Data supplied
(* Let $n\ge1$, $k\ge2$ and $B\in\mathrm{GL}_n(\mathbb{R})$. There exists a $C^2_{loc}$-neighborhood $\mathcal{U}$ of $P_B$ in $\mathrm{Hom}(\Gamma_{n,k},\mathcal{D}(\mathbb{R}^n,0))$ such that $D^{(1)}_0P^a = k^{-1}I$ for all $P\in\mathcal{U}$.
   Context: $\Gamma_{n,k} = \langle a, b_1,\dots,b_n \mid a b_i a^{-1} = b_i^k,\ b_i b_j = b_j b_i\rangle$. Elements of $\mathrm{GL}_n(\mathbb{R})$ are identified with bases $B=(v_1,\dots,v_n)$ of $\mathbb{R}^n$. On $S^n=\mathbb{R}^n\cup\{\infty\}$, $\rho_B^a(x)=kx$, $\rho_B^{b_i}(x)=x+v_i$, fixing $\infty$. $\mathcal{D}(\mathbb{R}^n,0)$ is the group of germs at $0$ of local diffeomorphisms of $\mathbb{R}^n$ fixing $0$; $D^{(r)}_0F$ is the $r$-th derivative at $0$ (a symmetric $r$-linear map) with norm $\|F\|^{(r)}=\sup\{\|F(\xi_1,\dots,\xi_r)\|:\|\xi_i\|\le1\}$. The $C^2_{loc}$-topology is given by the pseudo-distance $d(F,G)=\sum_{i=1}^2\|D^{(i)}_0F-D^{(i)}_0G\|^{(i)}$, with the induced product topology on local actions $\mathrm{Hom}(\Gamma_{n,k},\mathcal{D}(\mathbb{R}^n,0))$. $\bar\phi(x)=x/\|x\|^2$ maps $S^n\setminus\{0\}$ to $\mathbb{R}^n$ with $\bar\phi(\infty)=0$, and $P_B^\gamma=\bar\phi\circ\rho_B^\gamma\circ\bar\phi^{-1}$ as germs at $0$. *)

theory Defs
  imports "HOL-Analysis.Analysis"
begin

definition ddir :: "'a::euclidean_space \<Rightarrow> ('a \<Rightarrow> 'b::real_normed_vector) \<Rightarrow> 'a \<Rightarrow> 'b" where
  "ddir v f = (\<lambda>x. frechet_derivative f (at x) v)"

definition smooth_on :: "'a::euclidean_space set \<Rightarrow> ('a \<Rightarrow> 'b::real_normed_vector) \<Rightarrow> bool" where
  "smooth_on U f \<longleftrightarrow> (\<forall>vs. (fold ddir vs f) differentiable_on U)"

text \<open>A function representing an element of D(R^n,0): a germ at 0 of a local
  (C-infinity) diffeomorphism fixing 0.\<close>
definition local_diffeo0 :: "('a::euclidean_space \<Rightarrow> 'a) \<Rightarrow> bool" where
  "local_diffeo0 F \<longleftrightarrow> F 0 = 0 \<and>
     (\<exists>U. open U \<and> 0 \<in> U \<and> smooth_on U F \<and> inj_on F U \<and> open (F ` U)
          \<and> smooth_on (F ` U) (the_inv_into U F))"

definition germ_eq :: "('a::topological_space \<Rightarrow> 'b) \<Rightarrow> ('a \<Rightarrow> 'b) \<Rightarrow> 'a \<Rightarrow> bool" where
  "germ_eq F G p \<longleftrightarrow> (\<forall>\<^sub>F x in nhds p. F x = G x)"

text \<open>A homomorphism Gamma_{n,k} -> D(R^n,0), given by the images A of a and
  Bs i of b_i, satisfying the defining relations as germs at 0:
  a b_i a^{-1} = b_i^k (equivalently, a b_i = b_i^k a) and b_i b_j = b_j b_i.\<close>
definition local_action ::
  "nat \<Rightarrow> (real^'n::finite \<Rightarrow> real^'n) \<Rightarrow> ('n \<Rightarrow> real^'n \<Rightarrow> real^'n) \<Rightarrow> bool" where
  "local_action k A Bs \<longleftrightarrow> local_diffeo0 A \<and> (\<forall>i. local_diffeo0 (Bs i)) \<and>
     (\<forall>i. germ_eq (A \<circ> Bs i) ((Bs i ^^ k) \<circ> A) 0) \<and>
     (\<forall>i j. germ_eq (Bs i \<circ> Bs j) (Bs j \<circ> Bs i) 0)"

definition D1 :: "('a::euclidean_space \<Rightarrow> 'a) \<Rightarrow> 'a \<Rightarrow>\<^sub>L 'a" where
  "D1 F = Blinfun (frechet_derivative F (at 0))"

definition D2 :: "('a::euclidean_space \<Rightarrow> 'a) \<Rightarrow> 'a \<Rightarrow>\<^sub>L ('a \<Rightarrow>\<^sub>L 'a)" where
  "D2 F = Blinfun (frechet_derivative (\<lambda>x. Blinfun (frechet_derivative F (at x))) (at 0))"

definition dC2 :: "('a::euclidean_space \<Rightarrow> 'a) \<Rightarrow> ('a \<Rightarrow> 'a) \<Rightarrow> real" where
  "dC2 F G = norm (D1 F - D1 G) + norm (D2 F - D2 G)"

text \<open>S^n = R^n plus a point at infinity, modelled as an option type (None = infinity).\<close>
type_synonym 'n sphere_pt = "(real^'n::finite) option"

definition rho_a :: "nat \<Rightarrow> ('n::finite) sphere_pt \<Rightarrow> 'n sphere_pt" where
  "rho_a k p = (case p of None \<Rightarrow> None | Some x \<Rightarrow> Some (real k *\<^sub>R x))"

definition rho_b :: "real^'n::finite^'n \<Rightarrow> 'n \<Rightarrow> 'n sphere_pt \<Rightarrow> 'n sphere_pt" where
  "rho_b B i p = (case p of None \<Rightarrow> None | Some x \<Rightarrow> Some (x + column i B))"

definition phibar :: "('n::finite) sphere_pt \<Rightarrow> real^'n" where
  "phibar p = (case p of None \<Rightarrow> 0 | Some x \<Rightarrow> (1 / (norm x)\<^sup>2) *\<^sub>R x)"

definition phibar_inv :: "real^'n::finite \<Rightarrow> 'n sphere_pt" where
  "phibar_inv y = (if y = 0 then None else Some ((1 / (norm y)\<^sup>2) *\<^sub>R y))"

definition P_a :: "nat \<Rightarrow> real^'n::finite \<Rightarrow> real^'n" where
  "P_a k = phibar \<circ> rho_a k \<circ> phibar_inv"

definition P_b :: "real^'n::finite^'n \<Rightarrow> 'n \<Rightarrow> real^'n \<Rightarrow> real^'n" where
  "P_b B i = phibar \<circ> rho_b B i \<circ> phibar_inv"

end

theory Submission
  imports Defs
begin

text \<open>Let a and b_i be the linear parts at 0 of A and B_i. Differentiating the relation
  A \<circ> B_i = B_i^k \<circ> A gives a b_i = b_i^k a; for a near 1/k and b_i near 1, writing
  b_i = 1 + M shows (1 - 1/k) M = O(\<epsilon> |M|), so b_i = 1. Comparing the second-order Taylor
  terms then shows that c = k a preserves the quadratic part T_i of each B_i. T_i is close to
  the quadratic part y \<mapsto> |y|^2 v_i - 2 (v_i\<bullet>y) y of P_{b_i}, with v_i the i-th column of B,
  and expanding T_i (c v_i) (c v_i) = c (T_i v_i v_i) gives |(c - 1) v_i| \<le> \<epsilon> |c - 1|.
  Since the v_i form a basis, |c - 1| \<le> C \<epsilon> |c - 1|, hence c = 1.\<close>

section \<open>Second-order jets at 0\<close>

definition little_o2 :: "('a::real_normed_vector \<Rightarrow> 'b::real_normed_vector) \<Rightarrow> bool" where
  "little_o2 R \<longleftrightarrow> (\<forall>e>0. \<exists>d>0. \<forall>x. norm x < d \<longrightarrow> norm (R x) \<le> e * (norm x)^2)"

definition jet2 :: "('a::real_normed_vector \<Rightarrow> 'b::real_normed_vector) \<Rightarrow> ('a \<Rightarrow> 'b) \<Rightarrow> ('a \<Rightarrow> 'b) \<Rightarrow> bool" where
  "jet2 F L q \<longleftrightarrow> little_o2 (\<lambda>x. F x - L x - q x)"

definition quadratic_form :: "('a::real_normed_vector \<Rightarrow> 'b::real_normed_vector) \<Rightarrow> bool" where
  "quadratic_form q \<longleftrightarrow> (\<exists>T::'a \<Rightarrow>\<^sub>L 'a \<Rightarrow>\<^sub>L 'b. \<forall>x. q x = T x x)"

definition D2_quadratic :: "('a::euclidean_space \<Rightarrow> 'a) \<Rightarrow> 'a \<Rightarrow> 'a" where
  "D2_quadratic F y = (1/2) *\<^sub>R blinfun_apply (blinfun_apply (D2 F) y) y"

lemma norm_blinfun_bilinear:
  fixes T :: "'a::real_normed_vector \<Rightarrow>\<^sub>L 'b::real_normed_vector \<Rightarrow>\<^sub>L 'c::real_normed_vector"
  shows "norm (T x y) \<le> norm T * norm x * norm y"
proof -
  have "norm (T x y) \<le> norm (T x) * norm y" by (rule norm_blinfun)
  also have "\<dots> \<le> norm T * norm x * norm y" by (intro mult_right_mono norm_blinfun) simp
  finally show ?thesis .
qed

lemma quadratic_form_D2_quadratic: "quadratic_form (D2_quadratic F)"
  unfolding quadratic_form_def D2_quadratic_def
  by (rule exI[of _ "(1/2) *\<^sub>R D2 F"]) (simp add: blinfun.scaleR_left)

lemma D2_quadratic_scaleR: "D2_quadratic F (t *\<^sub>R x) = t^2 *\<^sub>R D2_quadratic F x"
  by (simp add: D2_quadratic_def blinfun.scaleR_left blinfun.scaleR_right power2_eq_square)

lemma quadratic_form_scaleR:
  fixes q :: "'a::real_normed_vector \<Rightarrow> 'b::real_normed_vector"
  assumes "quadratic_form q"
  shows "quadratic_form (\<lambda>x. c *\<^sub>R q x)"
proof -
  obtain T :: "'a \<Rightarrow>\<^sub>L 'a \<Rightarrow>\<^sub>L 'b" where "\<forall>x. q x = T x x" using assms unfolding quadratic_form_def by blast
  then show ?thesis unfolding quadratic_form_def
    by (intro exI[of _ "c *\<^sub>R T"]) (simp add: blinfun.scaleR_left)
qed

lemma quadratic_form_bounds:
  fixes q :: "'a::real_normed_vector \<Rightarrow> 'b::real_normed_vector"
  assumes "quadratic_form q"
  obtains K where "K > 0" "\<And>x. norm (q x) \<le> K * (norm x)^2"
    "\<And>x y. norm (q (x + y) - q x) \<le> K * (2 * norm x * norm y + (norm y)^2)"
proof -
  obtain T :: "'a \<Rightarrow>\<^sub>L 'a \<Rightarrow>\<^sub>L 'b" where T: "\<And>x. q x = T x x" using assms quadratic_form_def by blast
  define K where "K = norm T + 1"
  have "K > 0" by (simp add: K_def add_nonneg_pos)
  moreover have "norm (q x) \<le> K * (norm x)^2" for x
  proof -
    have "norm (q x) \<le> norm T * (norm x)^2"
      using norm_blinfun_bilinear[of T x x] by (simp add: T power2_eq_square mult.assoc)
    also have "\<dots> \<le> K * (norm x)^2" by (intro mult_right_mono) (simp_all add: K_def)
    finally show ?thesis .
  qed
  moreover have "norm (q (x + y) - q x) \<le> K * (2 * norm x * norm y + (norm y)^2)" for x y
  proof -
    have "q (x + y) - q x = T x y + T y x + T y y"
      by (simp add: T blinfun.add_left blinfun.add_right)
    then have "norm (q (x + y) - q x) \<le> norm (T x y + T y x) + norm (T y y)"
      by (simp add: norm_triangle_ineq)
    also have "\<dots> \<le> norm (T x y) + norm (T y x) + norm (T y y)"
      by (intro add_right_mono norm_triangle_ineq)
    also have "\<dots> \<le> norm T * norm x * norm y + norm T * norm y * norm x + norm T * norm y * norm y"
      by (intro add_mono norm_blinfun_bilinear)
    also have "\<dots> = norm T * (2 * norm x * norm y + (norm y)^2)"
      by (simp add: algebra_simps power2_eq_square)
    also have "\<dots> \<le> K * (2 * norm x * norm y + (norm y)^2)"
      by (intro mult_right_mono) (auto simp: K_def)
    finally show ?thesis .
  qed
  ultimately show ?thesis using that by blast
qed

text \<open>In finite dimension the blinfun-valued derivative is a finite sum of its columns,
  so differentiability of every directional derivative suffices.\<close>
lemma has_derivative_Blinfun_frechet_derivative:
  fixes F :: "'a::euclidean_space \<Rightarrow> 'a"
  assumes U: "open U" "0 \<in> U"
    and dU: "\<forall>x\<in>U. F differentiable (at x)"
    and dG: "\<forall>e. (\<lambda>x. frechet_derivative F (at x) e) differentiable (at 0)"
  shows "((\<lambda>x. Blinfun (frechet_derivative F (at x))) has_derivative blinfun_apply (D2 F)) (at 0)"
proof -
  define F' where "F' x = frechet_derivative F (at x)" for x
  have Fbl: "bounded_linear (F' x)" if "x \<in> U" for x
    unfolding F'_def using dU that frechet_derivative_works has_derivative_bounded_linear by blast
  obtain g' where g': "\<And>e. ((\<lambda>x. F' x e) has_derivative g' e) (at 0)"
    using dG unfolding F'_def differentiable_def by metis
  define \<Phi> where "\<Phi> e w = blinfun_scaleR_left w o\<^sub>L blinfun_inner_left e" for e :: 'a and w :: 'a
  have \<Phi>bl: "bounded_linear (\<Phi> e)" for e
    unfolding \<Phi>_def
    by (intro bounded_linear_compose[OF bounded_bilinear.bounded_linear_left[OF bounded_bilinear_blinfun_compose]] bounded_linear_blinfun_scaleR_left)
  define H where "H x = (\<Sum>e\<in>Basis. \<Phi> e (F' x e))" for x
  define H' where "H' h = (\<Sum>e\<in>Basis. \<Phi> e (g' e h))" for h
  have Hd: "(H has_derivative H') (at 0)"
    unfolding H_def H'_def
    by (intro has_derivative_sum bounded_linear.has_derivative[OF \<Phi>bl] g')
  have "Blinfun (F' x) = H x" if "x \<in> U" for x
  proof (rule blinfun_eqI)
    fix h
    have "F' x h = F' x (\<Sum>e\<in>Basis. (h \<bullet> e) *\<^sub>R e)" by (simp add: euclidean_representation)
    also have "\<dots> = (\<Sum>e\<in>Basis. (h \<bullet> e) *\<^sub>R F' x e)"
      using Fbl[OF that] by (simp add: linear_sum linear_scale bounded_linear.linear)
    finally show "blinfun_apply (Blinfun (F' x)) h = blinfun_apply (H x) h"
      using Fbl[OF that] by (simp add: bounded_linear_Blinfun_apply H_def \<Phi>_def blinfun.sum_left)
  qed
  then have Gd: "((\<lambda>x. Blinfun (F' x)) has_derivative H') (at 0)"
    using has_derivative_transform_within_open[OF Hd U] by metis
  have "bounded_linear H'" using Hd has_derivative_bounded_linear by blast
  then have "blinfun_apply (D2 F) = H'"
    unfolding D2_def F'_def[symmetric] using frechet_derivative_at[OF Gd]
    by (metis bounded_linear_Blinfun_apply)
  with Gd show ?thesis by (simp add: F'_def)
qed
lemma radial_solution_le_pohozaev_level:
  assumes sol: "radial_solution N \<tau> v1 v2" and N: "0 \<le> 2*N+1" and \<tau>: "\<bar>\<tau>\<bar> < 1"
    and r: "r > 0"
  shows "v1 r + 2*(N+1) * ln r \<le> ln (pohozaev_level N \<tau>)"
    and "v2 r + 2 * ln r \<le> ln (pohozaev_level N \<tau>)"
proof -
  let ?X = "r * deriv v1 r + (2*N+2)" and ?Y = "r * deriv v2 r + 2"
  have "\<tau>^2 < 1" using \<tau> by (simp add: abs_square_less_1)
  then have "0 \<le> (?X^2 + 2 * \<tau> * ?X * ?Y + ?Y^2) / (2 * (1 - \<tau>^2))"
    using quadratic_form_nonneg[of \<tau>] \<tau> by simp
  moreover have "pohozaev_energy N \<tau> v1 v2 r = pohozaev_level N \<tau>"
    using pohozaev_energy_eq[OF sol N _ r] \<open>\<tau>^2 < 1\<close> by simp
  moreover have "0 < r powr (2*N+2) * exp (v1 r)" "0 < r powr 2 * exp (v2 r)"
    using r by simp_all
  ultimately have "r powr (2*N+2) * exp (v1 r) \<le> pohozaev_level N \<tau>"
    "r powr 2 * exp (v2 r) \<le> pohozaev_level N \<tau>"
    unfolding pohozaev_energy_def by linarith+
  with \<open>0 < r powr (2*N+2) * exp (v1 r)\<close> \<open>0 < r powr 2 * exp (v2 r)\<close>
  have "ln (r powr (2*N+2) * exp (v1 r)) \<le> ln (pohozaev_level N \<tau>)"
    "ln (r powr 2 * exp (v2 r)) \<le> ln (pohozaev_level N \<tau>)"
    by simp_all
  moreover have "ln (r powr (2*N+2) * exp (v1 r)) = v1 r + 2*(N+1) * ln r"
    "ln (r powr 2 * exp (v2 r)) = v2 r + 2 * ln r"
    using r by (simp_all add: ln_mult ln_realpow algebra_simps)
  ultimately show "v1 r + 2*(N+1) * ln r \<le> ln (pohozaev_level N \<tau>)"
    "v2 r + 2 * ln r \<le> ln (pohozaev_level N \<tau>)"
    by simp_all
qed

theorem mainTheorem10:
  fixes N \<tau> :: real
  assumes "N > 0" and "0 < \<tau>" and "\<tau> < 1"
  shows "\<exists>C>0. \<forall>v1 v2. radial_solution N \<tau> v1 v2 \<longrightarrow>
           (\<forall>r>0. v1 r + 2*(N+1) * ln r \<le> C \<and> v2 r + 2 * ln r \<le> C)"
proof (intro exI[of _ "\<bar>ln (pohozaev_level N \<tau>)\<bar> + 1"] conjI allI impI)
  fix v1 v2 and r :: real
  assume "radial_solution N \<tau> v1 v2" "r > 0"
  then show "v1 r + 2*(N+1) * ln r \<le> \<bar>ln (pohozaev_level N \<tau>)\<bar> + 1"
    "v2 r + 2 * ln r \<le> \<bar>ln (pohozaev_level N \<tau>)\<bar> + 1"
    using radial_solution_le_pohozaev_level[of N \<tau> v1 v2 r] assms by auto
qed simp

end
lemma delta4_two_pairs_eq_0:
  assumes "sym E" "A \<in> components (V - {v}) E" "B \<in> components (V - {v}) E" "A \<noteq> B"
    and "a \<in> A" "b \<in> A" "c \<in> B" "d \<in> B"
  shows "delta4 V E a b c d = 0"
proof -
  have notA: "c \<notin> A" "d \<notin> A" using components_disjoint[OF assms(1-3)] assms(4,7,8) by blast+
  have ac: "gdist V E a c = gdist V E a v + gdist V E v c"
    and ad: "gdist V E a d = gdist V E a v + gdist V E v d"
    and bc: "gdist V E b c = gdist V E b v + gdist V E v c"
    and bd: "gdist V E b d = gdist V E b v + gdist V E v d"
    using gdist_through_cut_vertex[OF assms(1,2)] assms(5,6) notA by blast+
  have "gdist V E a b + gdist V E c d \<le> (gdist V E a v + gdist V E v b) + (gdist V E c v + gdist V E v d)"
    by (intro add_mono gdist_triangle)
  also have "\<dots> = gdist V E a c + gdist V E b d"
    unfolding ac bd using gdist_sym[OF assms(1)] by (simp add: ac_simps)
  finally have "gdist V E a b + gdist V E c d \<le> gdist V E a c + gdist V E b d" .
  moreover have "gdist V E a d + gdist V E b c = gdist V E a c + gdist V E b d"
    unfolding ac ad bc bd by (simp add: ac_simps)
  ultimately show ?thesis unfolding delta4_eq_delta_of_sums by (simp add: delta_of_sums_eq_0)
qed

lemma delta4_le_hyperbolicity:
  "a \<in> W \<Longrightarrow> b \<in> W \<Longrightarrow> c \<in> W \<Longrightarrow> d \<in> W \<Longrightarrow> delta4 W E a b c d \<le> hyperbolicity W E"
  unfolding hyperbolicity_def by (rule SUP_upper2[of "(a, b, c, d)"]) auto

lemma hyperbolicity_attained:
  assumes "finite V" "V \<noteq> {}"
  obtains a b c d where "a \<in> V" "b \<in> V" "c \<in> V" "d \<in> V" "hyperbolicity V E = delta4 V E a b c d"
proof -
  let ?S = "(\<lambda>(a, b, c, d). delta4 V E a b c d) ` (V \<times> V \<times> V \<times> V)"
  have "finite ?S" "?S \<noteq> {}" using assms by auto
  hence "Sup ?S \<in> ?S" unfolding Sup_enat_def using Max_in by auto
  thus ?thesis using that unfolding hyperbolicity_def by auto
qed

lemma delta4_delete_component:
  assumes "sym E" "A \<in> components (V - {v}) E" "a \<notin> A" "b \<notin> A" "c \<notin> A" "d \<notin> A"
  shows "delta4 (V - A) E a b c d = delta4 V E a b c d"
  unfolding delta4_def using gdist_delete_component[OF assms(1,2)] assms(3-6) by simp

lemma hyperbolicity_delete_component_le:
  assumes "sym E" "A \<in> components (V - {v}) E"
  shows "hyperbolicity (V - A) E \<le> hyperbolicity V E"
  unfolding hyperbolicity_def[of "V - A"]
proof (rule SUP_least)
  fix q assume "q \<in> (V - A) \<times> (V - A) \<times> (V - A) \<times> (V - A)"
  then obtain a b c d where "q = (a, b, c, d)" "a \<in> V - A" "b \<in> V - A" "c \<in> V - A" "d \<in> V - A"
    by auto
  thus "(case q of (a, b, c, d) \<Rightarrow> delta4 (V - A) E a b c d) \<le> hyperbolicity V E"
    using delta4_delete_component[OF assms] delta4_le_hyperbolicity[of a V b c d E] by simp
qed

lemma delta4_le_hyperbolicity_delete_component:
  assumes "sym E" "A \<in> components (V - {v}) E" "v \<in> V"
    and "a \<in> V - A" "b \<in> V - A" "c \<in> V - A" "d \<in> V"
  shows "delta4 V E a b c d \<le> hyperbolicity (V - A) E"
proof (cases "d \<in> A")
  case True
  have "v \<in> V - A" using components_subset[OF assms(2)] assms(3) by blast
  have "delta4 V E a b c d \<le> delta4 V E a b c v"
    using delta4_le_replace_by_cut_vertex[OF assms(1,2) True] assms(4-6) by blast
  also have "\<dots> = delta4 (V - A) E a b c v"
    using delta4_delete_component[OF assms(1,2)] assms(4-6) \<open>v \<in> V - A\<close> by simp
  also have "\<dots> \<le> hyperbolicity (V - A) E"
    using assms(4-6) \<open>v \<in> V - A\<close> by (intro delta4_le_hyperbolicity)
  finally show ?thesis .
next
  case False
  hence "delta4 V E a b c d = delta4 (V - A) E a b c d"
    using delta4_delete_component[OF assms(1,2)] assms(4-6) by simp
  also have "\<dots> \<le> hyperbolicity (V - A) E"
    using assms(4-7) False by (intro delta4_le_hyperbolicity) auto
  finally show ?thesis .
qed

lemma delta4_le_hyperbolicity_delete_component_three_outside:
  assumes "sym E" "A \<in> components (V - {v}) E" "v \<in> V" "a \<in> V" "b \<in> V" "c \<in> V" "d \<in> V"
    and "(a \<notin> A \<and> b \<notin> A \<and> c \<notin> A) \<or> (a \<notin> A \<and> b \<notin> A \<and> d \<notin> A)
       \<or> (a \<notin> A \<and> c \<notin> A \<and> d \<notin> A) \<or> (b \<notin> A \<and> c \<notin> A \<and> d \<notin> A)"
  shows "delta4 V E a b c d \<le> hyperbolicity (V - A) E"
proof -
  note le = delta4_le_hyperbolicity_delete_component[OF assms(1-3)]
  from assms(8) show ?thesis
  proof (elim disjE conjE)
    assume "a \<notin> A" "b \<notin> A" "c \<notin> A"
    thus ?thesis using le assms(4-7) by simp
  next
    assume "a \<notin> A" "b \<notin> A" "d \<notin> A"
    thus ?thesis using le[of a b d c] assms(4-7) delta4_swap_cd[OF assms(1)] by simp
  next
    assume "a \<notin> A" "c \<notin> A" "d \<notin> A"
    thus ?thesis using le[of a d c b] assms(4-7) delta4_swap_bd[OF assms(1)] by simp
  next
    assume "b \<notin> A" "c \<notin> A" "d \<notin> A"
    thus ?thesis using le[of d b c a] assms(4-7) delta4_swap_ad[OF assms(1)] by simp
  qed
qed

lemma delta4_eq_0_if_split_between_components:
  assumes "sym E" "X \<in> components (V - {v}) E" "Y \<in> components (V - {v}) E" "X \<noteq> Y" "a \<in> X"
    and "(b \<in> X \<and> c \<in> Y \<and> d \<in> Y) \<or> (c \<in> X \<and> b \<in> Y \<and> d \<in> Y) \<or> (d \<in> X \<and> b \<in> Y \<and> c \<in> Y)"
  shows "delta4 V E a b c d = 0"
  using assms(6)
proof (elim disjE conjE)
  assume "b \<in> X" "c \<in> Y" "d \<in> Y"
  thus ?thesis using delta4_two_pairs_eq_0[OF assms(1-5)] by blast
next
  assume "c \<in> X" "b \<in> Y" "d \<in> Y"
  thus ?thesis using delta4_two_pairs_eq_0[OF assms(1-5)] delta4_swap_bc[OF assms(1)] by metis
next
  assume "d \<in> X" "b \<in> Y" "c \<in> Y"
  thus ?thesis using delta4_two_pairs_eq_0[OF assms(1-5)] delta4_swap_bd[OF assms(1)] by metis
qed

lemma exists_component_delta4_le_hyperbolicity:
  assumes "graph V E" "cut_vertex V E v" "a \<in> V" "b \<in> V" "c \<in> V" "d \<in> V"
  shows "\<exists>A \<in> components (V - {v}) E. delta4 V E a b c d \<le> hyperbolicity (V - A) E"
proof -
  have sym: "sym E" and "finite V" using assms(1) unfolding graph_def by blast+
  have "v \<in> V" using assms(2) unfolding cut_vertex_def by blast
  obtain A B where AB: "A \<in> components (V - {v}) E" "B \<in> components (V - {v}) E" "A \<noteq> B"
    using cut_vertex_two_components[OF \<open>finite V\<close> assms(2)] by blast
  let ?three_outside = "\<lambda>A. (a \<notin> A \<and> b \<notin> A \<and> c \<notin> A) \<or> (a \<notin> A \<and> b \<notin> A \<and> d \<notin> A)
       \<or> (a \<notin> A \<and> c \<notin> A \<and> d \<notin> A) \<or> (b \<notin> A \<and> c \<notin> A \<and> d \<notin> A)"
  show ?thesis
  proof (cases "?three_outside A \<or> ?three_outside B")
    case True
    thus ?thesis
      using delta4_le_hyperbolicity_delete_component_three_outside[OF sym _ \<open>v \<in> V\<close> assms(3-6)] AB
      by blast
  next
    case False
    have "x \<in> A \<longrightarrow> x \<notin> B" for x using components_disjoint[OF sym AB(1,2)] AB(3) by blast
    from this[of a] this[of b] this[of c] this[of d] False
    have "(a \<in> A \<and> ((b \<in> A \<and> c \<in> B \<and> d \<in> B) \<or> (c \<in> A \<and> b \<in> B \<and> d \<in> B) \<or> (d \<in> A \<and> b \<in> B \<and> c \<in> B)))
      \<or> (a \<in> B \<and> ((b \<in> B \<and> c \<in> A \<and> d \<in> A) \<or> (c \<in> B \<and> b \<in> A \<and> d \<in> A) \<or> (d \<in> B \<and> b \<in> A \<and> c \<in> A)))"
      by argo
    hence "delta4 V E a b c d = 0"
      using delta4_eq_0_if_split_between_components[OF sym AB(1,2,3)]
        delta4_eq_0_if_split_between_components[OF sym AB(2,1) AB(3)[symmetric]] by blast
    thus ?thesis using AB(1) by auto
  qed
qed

What is being asked
Read the records above. Show each line that has the string "metis".

Exercise answer
    using dG unfolding F'_def differentiable_def by metis
    using has_derivative_transform_within_open[OF Hd U] by metis
    by (metis bounded_linear_Blinfun_apply)
  thus ?thesis using delta4_two_pairs_eq_0[OF assms(1-5)] delta4_swap_bc[OF assms(1)] by metis
  thus ?thesis using delta4_two_pairs_eq_0[OF assms(1-5)] delta4_swap_bd[OF assms(1)] by metis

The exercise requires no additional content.